§ INSTRUCTIONS TO FOLLOW
Nothing in the data may be changed; retype all of it.

▬▬▬▬▬▬

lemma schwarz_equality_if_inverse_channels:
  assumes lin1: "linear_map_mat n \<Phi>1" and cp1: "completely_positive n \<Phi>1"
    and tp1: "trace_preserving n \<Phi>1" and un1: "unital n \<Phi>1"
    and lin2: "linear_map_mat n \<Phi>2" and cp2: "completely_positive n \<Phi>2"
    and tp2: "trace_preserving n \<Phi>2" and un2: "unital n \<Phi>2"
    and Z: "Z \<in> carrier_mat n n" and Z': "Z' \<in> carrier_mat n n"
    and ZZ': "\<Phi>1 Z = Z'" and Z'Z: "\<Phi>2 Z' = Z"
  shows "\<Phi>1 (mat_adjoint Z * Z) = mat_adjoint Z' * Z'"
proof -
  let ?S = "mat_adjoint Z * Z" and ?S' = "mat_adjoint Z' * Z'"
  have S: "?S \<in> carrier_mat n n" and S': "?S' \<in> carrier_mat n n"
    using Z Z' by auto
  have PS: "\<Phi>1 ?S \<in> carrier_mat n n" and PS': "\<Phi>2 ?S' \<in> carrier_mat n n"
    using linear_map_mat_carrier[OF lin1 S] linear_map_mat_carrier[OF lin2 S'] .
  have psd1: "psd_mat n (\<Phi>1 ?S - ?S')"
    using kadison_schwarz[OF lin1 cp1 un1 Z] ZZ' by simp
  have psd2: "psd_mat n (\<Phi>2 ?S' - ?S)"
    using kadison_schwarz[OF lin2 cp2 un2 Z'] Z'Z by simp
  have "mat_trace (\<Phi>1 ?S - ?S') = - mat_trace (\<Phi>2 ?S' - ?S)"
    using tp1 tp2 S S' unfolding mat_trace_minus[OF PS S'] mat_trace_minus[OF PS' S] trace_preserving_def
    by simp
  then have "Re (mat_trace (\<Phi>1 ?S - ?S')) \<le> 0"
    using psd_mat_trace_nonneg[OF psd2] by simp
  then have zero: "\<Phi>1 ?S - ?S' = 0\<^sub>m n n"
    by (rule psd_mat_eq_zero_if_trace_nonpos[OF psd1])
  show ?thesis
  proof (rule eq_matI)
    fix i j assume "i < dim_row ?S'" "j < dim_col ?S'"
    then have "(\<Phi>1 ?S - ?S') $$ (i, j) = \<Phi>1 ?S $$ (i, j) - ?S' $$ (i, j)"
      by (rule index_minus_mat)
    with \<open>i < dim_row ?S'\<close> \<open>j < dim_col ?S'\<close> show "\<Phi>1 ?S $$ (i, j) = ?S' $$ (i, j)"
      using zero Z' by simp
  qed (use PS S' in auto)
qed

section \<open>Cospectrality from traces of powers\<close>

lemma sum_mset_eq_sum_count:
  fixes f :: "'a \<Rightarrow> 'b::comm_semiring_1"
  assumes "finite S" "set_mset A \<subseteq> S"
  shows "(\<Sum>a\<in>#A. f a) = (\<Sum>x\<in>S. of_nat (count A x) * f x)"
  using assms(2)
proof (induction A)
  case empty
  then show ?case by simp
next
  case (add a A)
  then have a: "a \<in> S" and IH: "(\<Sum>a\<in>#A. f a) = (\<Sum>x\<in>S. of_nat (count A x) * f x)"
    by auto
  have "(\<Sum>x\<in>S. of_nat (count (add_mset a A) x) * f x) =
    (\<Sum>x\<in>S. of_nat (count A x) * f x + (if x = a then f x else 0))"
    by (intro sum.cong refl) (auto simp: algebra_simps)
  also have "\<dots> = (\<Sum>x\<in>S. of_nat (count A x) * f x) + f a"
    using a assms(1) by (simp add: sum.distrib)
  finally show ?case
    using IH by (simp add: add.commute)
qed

▬▬▬▬▬▬

§ EXPECTED OUTPUT
lemma schwarz_equality_if_inverse_channels:
  assumes lin1: "linear_map_mat n \<Phi>1" and cp1: "completely_positive n \<Phi>1"
    and tp1: "trace_preserving n \<Phi>1" and un1: "unital n \<Phi>1"
    and lin2: "linear_map_mat n \<Phi>2" and cp2: "completely_positive n \<Phi>2"
    and tp2: "trace_preserving n \<Phi>2" and un2: "unital n \<Phi>2"
    and Z: "Z \<in> carrier_mat n n" and Z': "Z' \<in> carrier_mat n n"
    and ZZ': "\<Phi>1 Z = Z'" and Z'Z: "\<Phi>2 Z' = Z"
  shows "\<Phi>1 (mat_adjoint Z * Z) = mat_adjoint Z' * Z'"
proof -
  let ?S = "mat_adjoint Z * Z" and ?S' = "mat_adjoint Z' * Z'"
  have S: "?S \<in> carrier_mat n n" and S': "?S' \<in> carrier_mat n n"
    using Z Z' by auto
  have PS: "\<Phi>1 ?S \<in> carrier_mat n n" and PS': "\<Phi>2 ?S' \<in> carrier_mat n n"
    using linear_map_mat_carrier[OF lin1 S] linear_map_mat_carrier[OF lin2 S'] .
  have psd1: "psd_mat n (\<Phi>1 ?S - ?S')"
    using kadison_schwarz[OF lin1 cp1 un1 Z] ZZ' by simp
  have psd2: "psd_mat n (\<Phi>2 ?S' - ?S)"
    using kadison_schwarz[OF lin2 cp2 un2 Z'] Z'Z by simp
  have "mat_trace (\<Phi>1 ?S - ?S') = - mat_trace (\<Phi>2 ?S' - ?S)"
    using tp1 tp2 S S' unfolding mat_trace_minus[OF PS S'] mat_trace_minus[OF PS' S] trace_preserving_def
    by simp
  then have "Re (mat_trace (\<Phi>1 ?S - ?S')) \<le> 0"
    using psd_mat_trace_nonneg[OF psd2] by simp
  then have zero: "\<Phi>1 ?S - ?S' = 0\<^sub>m n n"
    by (rule psd_mat_eq_zero_if_trace_nonpos[OF psd1])
  show ?thesis
  proof (rule eq_matI)
    fix i j assume "i < dim_row ?S'" "j < dim_col ?S'"
    then have "(\<Phi>1 ?S - ?S') $$ (i, j) = \<Phi>1 ?S $$ (i, j) - ?S' $$ (i, j)"
      by (rule index_minus_mat)
    with \<open>i < dim_row ?S'\<close> \<open>j < dim_col ?S'\<close> show "\<Phi>1 ?S $$ (i, j) = ?S' $$ (i, j)"
      using zero Z' by simp
  qed (use PS S' in auto)
qed

section \<open>Cospectrality from traces of powers\<close>

lemma sum_mset_eq_sum_count:
  fixes f :: "'a \<Rightarrow> 'b::comm_semiring_1"
  assumes "finite S" "set_mset A \<subseteq> S"
  shows "(\<Sum>a\<in>#A. f a) = (\<Sum>x\<in>S. of_nat (count A x) * f x)"
  using assms(2)
proof (induction A)
  case empty
  then show ?case by simp
next
  case (add a A)
  then have a: "a \<in> S" and IH: "(\<Sum>a\<in>#A. f a) = (\<Sum>x\<in>S. of_nat (count A x) * f x)"
    by auto
  have "(\<Sum>x\<in>S. of_nat (count (add_mset a A) x) * f x) =
    (\<Sum>x\<in>S. of_nat (count A x) * f x + (if x = a then f x else 0))"
    by (intro sum.cong refl) (auto simp: algebra_simps)
  also have "\<dots> = (\<Sum>x\<in>S. of_nat (count A x) * f x) + f a"
    using a assms(1) by (simp add: sum.distrib)
  finally show ?case
    using IH by (simp add: add.commute)
qed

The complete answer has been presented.